Enclosure, Moher, Co. Leitrim
Co. Leitrim |
Enclosures
Beneath the grass of a football pitch in Moher, Co. Leitrim, a circular enclosure roughly 22 metres across lies invisible to anyone standing on it.
It gives itself away only from the air, where a cropmark traces the line of a narrow fosse, a shallow ditch cut into the earth, about a metre wide, forming an almost perfect ring in what was formerly pasture. The ground above has long since been levelled and pressed into use for sport, but the buried archaeology persists, disclosed by the differential growth of grass over disturbed soil.

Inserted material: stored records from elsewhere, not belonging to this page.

lemma involution_central_if_iso_quaternion:
  assumes "G \<cong> quaternion_group" and x: "x \<in> carrier G" and xx: "x \<otimes> x = \<one>"
  shows "x \<in> grp_center G"
proof -
  obtain \<phi> where \<phi>: "\<phi> \<in> iso G quaternion_group"
    using assms(1) by (auto simp: is_iso_def)
  have hom: "\<phi> \<in> hom G quaternion_group"
    using \<phi> by (rule iso_imp_homomorphism)
  have "quaternion_mult (\<phi> x) (\<phi> x) = \<phi> \<one>"
    using hom_mult[OF hom x x] xx by (simp add: quaternion_group_def)
  also have "\<dots> = (False, Q1)"
    using hom_one[OF hom is_group group_quaternion_group] by (simp add: quaternion_group_def)
  finally have "quaternion_mult (\<phi> x) (\<phi> x) = (False, Q1)" .
  then have "\<phi> x \<in> grp_center quaternion_group"
    using quaternion_real_central[of "fst (\<phi> x)"] quaternion_square_eq_one by (metis prod.collapse)
  then show ?thesis
    using iso_center_iff[OF is_monoid \<phi> x] by simp
qed

lemma iso_quaternion_iff:
  "G \<cong> quaternion_group \<longleftrightarrow> (\<forall>x \<in> carrier G. x \<otimes> x = \<one> \<longrightarrow> x \<in> grp_center G)"
proof
  assume "G \<cong> quaternion_group"
  then show "\<forall>x \<in> carrier G. x \<otimes> x = \<one> \<longrightarrow> x \<in> grp_center G"
    using involution_central_if_iso_quaternion by blast
next
  assume involution_central: "\<forall>x \<in> carrier G. x \<otimes> x = \<one> \<longrightarrow> x \<in> grp_center G"
  have "grp_center G \<subseteq> carrier G"
    by (auto simp: grp_center_def)
  then obtain i where i: "i \<in> carrier G" "i \<notin> grp_center G"
    using center_neq_carrier by blast
  then obtain j where j: "j \<in> carrier G" "noncomm i j"
    using center_iff_not_noncomm by blast
  then have "j \<notin> grp_center G"
    using i center_iff_not_noncomm noncomm_sym by blast
  then have "i \<otimes> i = z" "j \<otimes> j = z"
    using i j involution_central square_cases by blast+
  then interpret extraspecial_2_quaternion G z i j
    using i j involution_central by unfold_locales auto
  show "G \<cong> quaternion_group"
    by (rule iso_quaternion_group)
qed

lemma card_aut_orbits: "card (aut_orbits G) = (if G \<cong> quaternion_group then 3 else 4)"
  unfolding card_aut_orbits_eq_card_ord_center ord_center_image iso_quaternion_iff
  by auto

end

theorem theorem4p4:
  fixes G :: "('a, 'b) monoid_scheme"
  assumes "extraspecial_p_group G 2"
  shows "(\<forall>g \<in> carrier G. \<forall>h \<in> carrier G.
            automorphic G g h \<longleftrightarrow>
              (group.ord G g = group.ord G h \<and> (g \<in> grp_center G \<longleftrightarrow> h \<in> grp_center G)))
       \<and> card (aut_orbits G) = (if G \<cong> quaternion_group then 3 else 4)"
proof -
  obtain z where "extraspecial_2 G z"
    using extraspecial_2_if_extraspecial_p_group[OF assms] .
  then interpret extraspecial_2 G z .
  show ?thesis
    using automorphic_iff card_aut_orbits by blast
qed

end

The enclosure was identified by Jean-Charles Caillere from aerial imagery, and the cropmark pattern is precisely the kind of trace that early settlement sites leave behind in the Irish landscape. Enclosed circular areas of this scale are commonly associated with ringforts, the farmsteads of early medieval Ireland, though without excavation it is impossible to assign a precise date or function to this particular feature. What sharpens the interest here is that a second enclosure, slightly larger, sits only about 17 metres to the north-east. Paired or clustered enclosures are known elsewhere in Ireland and may reflect separate but related activity at a single location, perhaps successive phases of use, or neighbouring farmsteads occupied at the same time.